Dadurch erfahren Suchtkranke mehr über sich selbst, ihren persönlichen Umgang mit Gefühlen und die individuelle Funktion des Suchtmittels. Durch die Stärkung und den Aufbau von Ressourcen können neue Wege gefunden werden, mit Belastungen umzugehen. Suchtkranke können sich und das Leben wieder besser annehmen. Eines der wichtigsten Therapieziele ist es, dass Abhängigkeitserkrankte neue Strategien erlernen, um sich selbst in schwierigen Situationen helfen zu können. Es geht darum, Alternativen zu erarbeiten und sich nicht mehr geistig, körperlich und seelisch mit süchtig machenden Substanzen selbst zu zerstören.

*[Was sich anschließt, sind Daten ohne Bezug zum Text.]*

(* Let $\lambda$ be an infinite cardinal, $\theta$ an infinite regular cardinal with $\theta<\lambda$, and $\chi$ either $2$ or an infinite cardinal. Then: (1) $\lambda\le m(\theta,\lambda)\le\min\{\mathrm{cf}([\lambda]^\theta,\subseteq),\mathrm{cf}([\lambda]^\theta,\supseteq)\}$; (2) if $\chi\le\theta^+$, then $m(\theta,\lambda)\le m(\theta,\lambda,\theta,\chi)$; (3) $m(\theta,\theta,\theta,\chi)\le m(\lambda,\lambda,\theta,\chi)\le\max\{m(\theta,\theta,\theta,\chi),m(\theta,\lambda)\}$.
   Context: $m(\theta,\lambda)$ is the least size of $\mathcal Y\subseteq[\lambda]^\theta$ such that every $X\in[\lambda]^\theta$ meets some $Y\in\mathcal Y$ in a set of size $\theta$. For a set $\Delta$ with $|\Delta|\ge\theta$, $m(\Delta,\lambda,\theta,\chi)$ is the least size of a family $\mathcal H$ of functions from $\Delta$ to $[\lambda]^{<\chi}$ such that for every $X\in[\Delta]^\theta$ and every $g:X\to\lambda$ there is $h\in\mathcal H$ with $|\{\xi\in X\mid g(\xi)\in h(\xi)\}|=\theta$. $\mathrm{cf}([\lambda]^\theta,\subseteq)$ is the least size of $\mathcal Y\subseteq[\lambda]^\theta$ such that every $X\in[\lambda]^\theta$ is contained in some member of $\mathcal Y$; $\mathrm{cf}([\lambda]^\theta,\supseteq)$ is the least size of $\mathcal Y\subseteq[\lambda]^\theta$ such that every $X\in[\lambda]^\theta$ contains some member of $\mathcal Y$. *)

theory Defs
  imports Main
begin
lemma integral_gaussian_2d_cis:
  fixes x :: "real \<times> real" and a :: real
  assumes a: "a > 0"
  shows "(\<integral>k. complex_of_real (- (fst k * snd k) * exp (- a * (norm k)\<^sup>2)) * cis (inner k x)
            \<partial>(lborel :: (real \<times> real) measure))
     = complex_of_real (pi * fst x * snd x / (4 * a ^ 3) * exp (- (norm x)\<^sup>2 / (4 * a)))"
proof -
  obtain x1 x2 where x: "x = (x1, x2)"
    by (cases x)
  define h where "h y z = complex_of_real (z * exp (- a * z\<^sup>2)) * cis (z * y)" for y z :: real
  have int_h: "integrable lborel (h y)" for y
  proof -
    have "integrable lborel (\<lambda>z. z * exp (- a * z\<^sup>2))"
      using integrable_gaussian_moment[OF a, of 1] by (simp add: mult.commute)
    then show ?thesis
      unfolding h_def by (rule integrable_of_real_mult_cis)
  qed
  have integral_h: "integral\<^sup>L lborel (h y) = \<i> * complex_of_real (y / (2 * a) * sqrt (pi / a) * exp (- y\<^sup>2 / (4 * a)))" for y
    unfolding h_def by (rule integral_gaussian_moment1_cis[OF a])
  have "(\<lambda>k. complex_of_real (- (fst k * snd k) * exp (- a * (norm k)\<^sup>2)) * cis (inner k x))
      = (\<lambda>k. - (case k of (k1, k2) \<Rightarrow> h x1 k1 * h x2 k2))"
    by (auto simp: fun_eq_iff x h_def norm_Pair algebra_simps simp flip: exp_add cis_mult of_real_mult)
  then have "(\<integral>k. complex_of_real (- (fst k * snd k) * exp (- a * (norm k)\<^sup>2)) * cis (inner k x)
        \<partial>(lborel :: (real \<times> real) measure))
      = - (integral\<^sup>L lborel (h x1) * integral\<^sup>L lborel (h x2))"
    using lborel_integral_prod_mult(2)[OF int_h int_h] by (simp add: lborel_prod[symmetric])
  also have "\<dots> = complex_of_real (pi * fst x * snd x / (4 * a ^ 3) * exp (- (norm x)\<^sup>2 / (4 * a)))"
  proof -
    have "exp (- x1\<^sup>2 / (4 * a)) * exp (- x2\<^sup>2 / (4 * a)) = exp (- (norm x)\<^sup>2 / (4 * a))"
      by (simp add: x norm_Pair exp_add[symmetric] diff_divide_distrib)
    moreover have "sqrt (pi / a) * sqrt (pi / a) = pi / a"
      using a by simp
    ultimately show ?thesis
      using a unfolding integral_h by (simp add: x field_simps power3_eq_cube flip: of_real_mult)
  qed
  finally show ?thesis .
qed

section \<open>One-dimensional integrals on the half-line\<close>

lemma gaussian_has_integral: "((\<lambda>w::real. exp (- w\<^sup>2)) has_integral sqrt pi) UNIV"
proof -
  have "(normal_density 0 (1 / sqrt 2) has_integral 1) UNIV"
    using has_integral_integral_lborel[OF integrable_normal_density] by simp
  moreover have "normal_density 0 (1 / sqrt 2) = (\<lambda>w. exp (- w\<^sup>2) / sqrt pi)"
    by (simp add: fun_eq_iff normal_density_def power_divide)
  ultimately have "((\<lambda>w. exp (- w\<^sup>2) / sqrt pi) has_integral 1) UNIV"
    by simp
  from has_integral_mult_right[OF this, of "sqrt pi"] show ?thesis
    by simp
qed

lemma image_Ioi_minus_divide:
  fixes c :: real
  assumes c: "c > 0"
  shows "(\<lambda>y. y - c / y) ` {0<..} = UNIV"
proof (intro equalityI subsetI)
  fix w :: real
  define y where "y = (w + sqrt (w\<^sup>2 + 4 * c)) / 2"
  have "\<bar>w\<bar> < sqrt (w\<^sup>2 + 4 * c)"
    using c by (intro real_less_rsqrt) simp
  then have "w + sqrt (w\<^sup>2 + 4 * c) > 0"
    using abs_ge_minus_self[of w] by linarith
  then have y: "y > 0"
    by (simp add: y_def)
  have "y\<^sup>2 - w * y = c"
    using c by (simp add: y_def power2_eq_square algebra_simps)
  then have "y - c / y = w"
    using y by (simp add: field_simps power2_eq_square)
  then show "w \<in> (\<lambda>y. y - c / y) ` {0<..}"
    using y by force
qed simp

lemma strict_mono_on_Ioi_minus_divide:
  fixes c :: real
  assumes c: "c > 0"
  shows "strict_mono_on {0<..} (\<lambda>y. y - c / y)"
proof (rule strict_mono_onI)
  fix r s :: real assume "r \<in> {0<..}" "s \<in> {0<..}" "r < s"
  then have "c / s < c / r"
    using c by (intro divide_strict_left_mono) auto
  then show "r - c / r < s - c / s"
    using \<open>r < s\<close> by linarith
qed
(* Let $\Pi_{\mathfrak l}\subset\Pi$ be admissible and let $\tau$ be an even permutation of $\Pi$ which is an automorphism of the Dynkin diagram and coincides with $-w_{\mathfrak l}$ on $\Pi_{\mathfrak l}$; extend $\tau$ linearly to $\mathfrak h^*$ and put $\tilde\mu=w_{\mathfrak l}\tau(\mu)$ for $\mu\in\bar\Pi_{\mathfrak l}$. Suppose $(\mu+\tilde\mu,\alpha)=0$ for all $\mu\in\bar\Pi_{\mathfrak l}$, $\alpha\in\Pi_{\mathfrak l}$. Then $\tau\circ w_{\mathfrak l}=w_{\mathfrak l}\circ\tau$ on the root lattice $\mathbb Z\Pi$.
   Context: Setting: $\mathfrak g$ is one of $\mathfrak{gl}(N|2\mathbf m)$, $\mathfrak{osp}(2\mathbf n+1|2\mathbf m)$, $\mathfrak{osp}(2\mathbf n|2\mathbf m)$, $\mathfrak{spo}(2\mathbf n|2\mathbf m)$ with natural module $V=\mathbb C^{N|2\mathbf m}$, homogeneous weight basis $v_1,\dots,v_{N+2\mathbf m}$ of weights $\zeta_1,\dots,\zeta_{N+2\mathbf m}$, $|v_i|=1$ iff $i\le\mathbf m$ or $i>\mathbf m+N$; $i'=N+2\mathbf m+1-i$; standard form $(\varepsilon_i,\varepsilon_j)=\delta_{ij}=-(\delta_i,\delta_j)$, $(\varepsilon_i,\delta_j)=0$ on $\mathfrak h^*$; standard simple roots $\Pi$ ($\delta_i-\delta_{i+1}$, $\delta_{\mathbf m}-\varepsilon_1$, $\varepsilon_i-\varepsilon_{i+1}$, then $\varepsilon_N-\delta_{\mathbf m+1},\dots,\delta_{2\mathbf m-1}-\delta_{2\mathbf m}$ for $\mathfrak{gl}$, or tail root $\varepsilon_{\mathbf n}$, $\varepsilon_{\mathbf n-1}+\varepsilon_{\mathbf n}$, $2\varepsilon_{\mathbf n}$ respectively); $\bar\Pi_{\mathfrak l}=\Pi\setminus\Pi_{\mathfrak l}$. An operator on $\mathfrak h^*$ is even if it maps even roots to even roots and odd to odd. For $\Pi_{\mathfrak l}\subset\Pi$, $\mathfrak l=\bigoplus_i\mathfrak l_i$ is generated by $e_{\pm\alpha}$, $\alpha\in\Pi_{\mathfrak l}$, $\mathfrak l_i$ acting naturally on the span of basis vectors $v_{j_1},\dots,v_{j_r}$ ($j_1<\dots<j_r$), $\hat{\mathfrak l}_i$ its $\mathfrak{gl}$-extension if of type A; $w_{\mathfrak l_i}$ is the linear operator $\zeta_{j_s}\mapsto\zeta_{j_{r+1-s}}$ fixing other $\zeta_j$ ($j,j'\notin\{j_1,..,j_r\}$), and $w_{\mathfrak l}=\prod_iw_{\mathfrak l_i}$. $\Pi_{\mathfrak l}$ is admissible if the grading induced on each span of $v_{j_1},\dots,v_{j_r}$ is symmetric ($|v_{j_s}|=|v_{j_{r+1-s}}|$) with minimal number of odd simple roots of $\hat{\mathfrak l}_i$ among symmetric gradings. *)

theory Defs
  imports Complex_Main
begin
lemma orthogonal_if_closest_in_subspace:
  fixes S :: "'a::real_inner set"
  assumes "subspace S" "p \<in> S" "\<And>s. s \<in> S \<Longrightarrow> dist x p \<le> dist x s" "s \<in> S"
  shows "inner (x - p) s = 0"
proof (cases "s = 0")
  case False
  define t where "t = inner (x - p) s / (norm s)\<^sup>2"
  have "p + t *\<^sub>R s \<in> S"
    using assms by (simp add: subspace_add subspace_scale)
  then have "(norm (x - p))\<^sup>2 \<le> (norm (x - p - t *\<^sub>R s))\<^sup>2"
    using assms(3) by (simp add: dist_norm power_mono diff_diff_eq)
  also have "\<dots> = (norm (x - p))\<^sup>2 - 2 * t * inner (x - p) s + t\<^sup>2 * (norm s)\<^sup>2"
    using dot_norm_neg[of "x - p" "t *\<^sub>R s"] by (simp add: power_mult_distrib)
  also have "\<dots> = (norm (x - p))\<^sup>2 - (inner (x - p) s)\<^sup>2 / (norm s)\<^sup>2"
    using False by (simp add: t_def power2_eq_square field_simps)
  finally have "(inner (x - p) s)\<^sup>2 / (norm s)\<^sup>2 \<le> 0"
    by simp
  then show ?thesis
    using False by (simp add: divide_le_0_iff)
qed simp

lemma orth_proj_eqI:
  fixes S :: "'a::{real_inner,complete_space} set"
  assumes "subspace S" "p \<in> S" "\<And>s. s \<in> S \<Longrightarrow> inner (x - p) s = 0"
  shows "orth_proj S x = p"
  unfolding orth_proj_def
proof (rule the_equality)
  show "p \<in> S \<and> (\<forall>s\<in>S. inner (x - p) s = 0)"
    using assms by blast
next
  fix q
  assume q: "q \<in> S \<and> (\<forall>s\<in>S. inner (x - q) s = 0)"
  then have "p - q \<in> S"
    using assms by (simp add: subspace_diff)
  then have "inner (x - q) (p - q) = 0" "inner (x - p) (p - q) = 0"
    using q assms(3) by auto
  then have "inner ((x - q) - (x - p)) (p - q) = 0"
    by (simp only: inner_diff_left diff_self)
  then show "q = p"
    by simp
qed

lemma
  fixes S :: "'a::{real_inner,complete_space} set"
  assumes "subspace S" "closed S"
  shows orth_proj_in: "orth_proj S x \<in> S"
    and orth_proj_orthogonal: "s \<in> S \<Longrightarrow> inner (x - orth_proj S x) s = 0"
proof -
  have "S \<noteq> {}"
    using subspace_0[OF assms(1)] by blast
  then obtain p where p: "p \<in> S" "\<And>s. s \<in> S \<Longrightarrow> dist x p \<le> dist x s"
    using distance_attains_inf_convex[OF subspace_imp_convex[OF assms(1)] assms(2)] by blast
  then have orth: "\<And>s. s \<in> S \<Longrightarrow> inner (x - p) s = 0"
    using orthogonal_if_closest_in_subspace[OF assms(1)] by blast
  then have "orth_proj S x = p"
    using orth_proj_eqI[OF assms(1) p(1)] by blast
  then show "orth_proj S x \<in> S" "s \<in> S \<Longrightarrow> inner (x - orth_proj S x) s = 0"
    using p(1) orth by auto
qed
(* The enhanced power graph of the abelian group $\mathbf C_{30}\times\mathbf C_{30}$ is not perfect; more precisely, if $a_1,a_2$ are elements of order $2$, $b_1,b_2$ elements of order $3$, and $c_1,c_2$ elements of order $5$ with $\langle a_1,a_2\rangle$, $\langle b_1,b_2\rangle$, $\langle c_1,c_2\rangle$ non-cyclic, then the vertices $a_1b_1,\ b_1c_2,\ a_2,\ b_2,\ a_1c_1$ induce a $5$-cycle in $\mathcal G_e(\mathbf C_{30}\times\mathbf C_{30})$.
   Context: $\mathbf C_{30}$ is the cyclic group of order $30$. The enhanced power graph $\mathcal G_e(\mathbf G)$ has vertex set $G$, distinct $x,y$ adjacent iff $\langle x,y\rangle$ is cyclic. A graph is perfect if every induced subgraph has chromatic number equal to its clique number. *)

theory Defs
  imports "HOL-Algebra.Algebra"
begin

abbreviation C :: "nat \<Rightarrow> int monoid" where
  "C n \<equiv> integer_mod_group n"

definition enhanced_power_adj :: "('a, 'b) monoid_scheme \<Rightarrow> 'a \<Rightarrow> 'a \<Rightarrow> bool" where
  "enhanced_power_adj G x y \<longleftrightarrow>
     x \<in> carrier G \<and> y \<in> carrier G \<and> x \<noteq> y \<and> cyclic_group (subgroup_generated G {x, y})"

definition is_clique :: "('v \<Rightarrow> 'v \<Rightarrow> bool) \<Rightarrow> 'v set \<Rightarrow> bool" where
  "is_clique E K \<longleftrightarrow> (\<forall>x\<in>K. \<forall>y\<in>K. x \<noteq> y \<longrightarrow> E x y)"

definition clique_number :: "('v \<Rightarrow> 'v \<Rightarrow> bool) \<Rightarrow> 'v set \<Rightarrow> nat" where
  "clique_number E S = Max {card K | K. K \<subseteq> S \<and> is_clique E K}"

definition proper_colouring :: "('v \<Rightarrow> 'v \<Rightarrow> bool) \<Rightarrow> 'v set \<Rightarrow> nat \<Rightarrow> ('v \<Rightarrow> nat) \<Rightarrow> bool" where
  "proper_colouring E S k f \<longleftrightarrow>
     (\<forall>x\<in>S. f x < k) \<and> (\<forall>x\<in>S. \<forall>y\<in>S. x \<noteq> y \<and> E x y \<longrightarrow> f x \<noteq> f y)"
lemma dual_vector_exists:
  fixes x :: "nat \<Rightarrow> 'a"
  assumes "j < m" "\<epsilon> > 0"
    and height: "\<forall>s\<in>span (x ` ({..<m} - {j})). \<epsilon>\<^sup>2 \<le> g (x j - s) (x j - s)"
  shows "\<exists>f. (\<forall>k<m. g f (x k) = (if k = j then 1 else 0)) \<and> f \<in> span (x ` {..<m})
           \<and> g f f \<le> 1 / \<epsilon>\<^sup>2"
proof -
  define B where "B = x ` ({..<m} - {j})"
  have "finite B"
    by (simp add: B_def)
  then obtain p where p: "p \<in> span B" "\<forall>b\<in>B. g (x j - p) b = 0"
    using orthogonal_projection_exists by blast
  have span_B: "span B \<subseteq> span (x ` {..<m})"
    by (rule span_mono) (auto simp: B_def)
  define r where "r = x j - p"
  have "\<epsilon>\<^sup>2 \<le> g r r"
    using height p(1) by (simp add: B_def r_def)
  moreover have "0 < \<epsilon>\<^sup>2"
    using assms(2) by simp
  ultimately have r_pos: "g r r > 0"
    by linarith
  have "g r p = 0"
    using orthogonal_span[of r B p] p by (simp add: r_def)
  then have "g r (x j) = g r r"
    by (simp add: r_def bilinear_simps)
  then have "\<forall>k<m. g ((1 / g r r) *\<^sub>R r) (x k) = (if k = j then 1 else 0)"
    using p(2) r_pos by (auto simp: B_def r_def bilinear_simps)
  moreover have "(1 / g r r) *\<^sub>R r \<in> span (x ` {..<m})"
    using p(1) span_B assms(1) unfolding r_def by (intro span_mul span_diff) (auto intro: span_base)
  moreover have "g ((1 / g r r) *\<^sub>R r) ((1 / g r r) *\<^sub>R r) \<le> 1 / \<epsilon>\<^sup>2"
    using \<open>\<epsilon>\<^sup>2 \<le> g r r\<close> r_pos assms(2)
    by (simp add: bilinear_simps power2_eq_square frac_le)
  ultimately show ?thesis
    by blast
qed

lemma dual_basis_exists:
  fixes x :: "nat \<Rightarrow> 'a"
  assumes "\<epsilon> > 0"
    and "\<forall>j<m. \<forall>s\<in>span (x ` ({..<m} - {j})). \<epsilon>\<^sup>2 \<le> g (x j - s) (x j - s)"
  shows "\<exists>f. dual_basis m x f \<and> (\<forall>j<m. g (f j) (f j) \<le> 1 / \<epsilon>\<^sup>2)"
proof -
  have "\<forall>j. \<exists>f. j < m \<longrightarrow> (\<forall>k<m. g f (x k) = (if k = j then 1 else 0))
           \<and> f \<in> span (x ` {..<m}) \<and> g f f \<le> 1 / \<epsilon>\<^sup>2"
    using dual_vector_exists assms by blast
  then show ?thesis
    unfolding dual_basis_def by metis
qed

lemma dual_basis_notin_span_others:
  assumes "dual_basis m x f" "j < m"
  shows "x j \<notin> span (x ` ({..<m} - {j}))"
proof
  assume "x j \<in> span (x ` ({..<m} - {j}))"
  moreover have "\<forall>b\<in>x ` ({..<m} - {j}). g (f j) b = 0"
    using assms unfolding dual_basis_def by auto
  ultimately have "g (f j) (x j) = 0"
    using orthogonal_span by blast
  then show False
    using assms unfolding dual_basis_def by simp
qed

definition dual_projection :: "nat \<Rightarrow> (nat \<Rightarrow> 'a) \<Rightarrow> (nat \<Rightarrow> 'a) \<Rightarrow> 'a \<Rightarrow> 'a" where
  "dual_projection m x f a = (\<Sum>k<m. g (x k) a *\<^sub>R f k)"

Bei Suchterkrankungen spürt der Patient seinen Körper oft nicht. Er hat es durch den Drogenkonsum verlernt, Körper oder Gefühle wahrzunehmen. Auch das Abklopfen des Körpers, um ihn spürbar zu machen, ist Teil der Tanztherapie. Ständige Reflexion, durch welche Körperübungen sich etwas verändert und wie es sich verändert hat, gehört ebenfalls dazu. Dabei lernt der Betroffene, sein Befinden ohne Drogen zu steuern.
Tanztherapie kann neben Alkohol-, Medikamenten- und Drogenmissbrauch auch bei Angststörungen, Schizophrenie und Depressionen über Krebs, chronische Schmerzzustände und Demenz bis hin zu Stress und Essstörungen angewandt werden.
Indem man den Körper z.B. mit dem Igelball abrollt, werden die Körpergrenzen erfahrbar. Mit Schnüren kann der Raum definiert werden, den der Patient zum Wohlfühlen braucht. Dadurch wird ihnen bewusst, wie viel Nähe oder Distanz gut für sie ist.
Durch Gangübungen lernen sie, dass sie selbst bestimmen können, wie nah ihnen jemand kommen darf. Dadurch lässt sich erfahrbar machen, wann über die persönliche Grenze gegangen wird. Patienten sagen Stopp, wenn es ihnen zu nah wird. So lernen sie auch im Alltag "Nein" zu sagen, wenn jemand versucht, ihre Grenzen zu überschreiten.
Ein wichtiger Teil eines tanztherapeutischen Prozesses ist es, an einem positiven Körpererleben zu arbeiten. Negative Empfindungen können zu anhaltenden Verspannungen der Muskulatur führen. Im tanztherapeutischen Prozess geht es dann z.B. darum, diese Anspannung als Schutzreaktion des Körpers verstehen zu lernen und sich allmählich neue Schutzstrategien zu erarbeiten, um mehr Entspannung zulassen zu können.
Die Patienten nehmen wahr, was ihnen und dem Körper gut tut. Das Wahrnehmen eigener Ressourcen und der achtsame Umgang mit sich selbst, was Suchtkranke häufig verlernt haben, werden dadurch gefördert.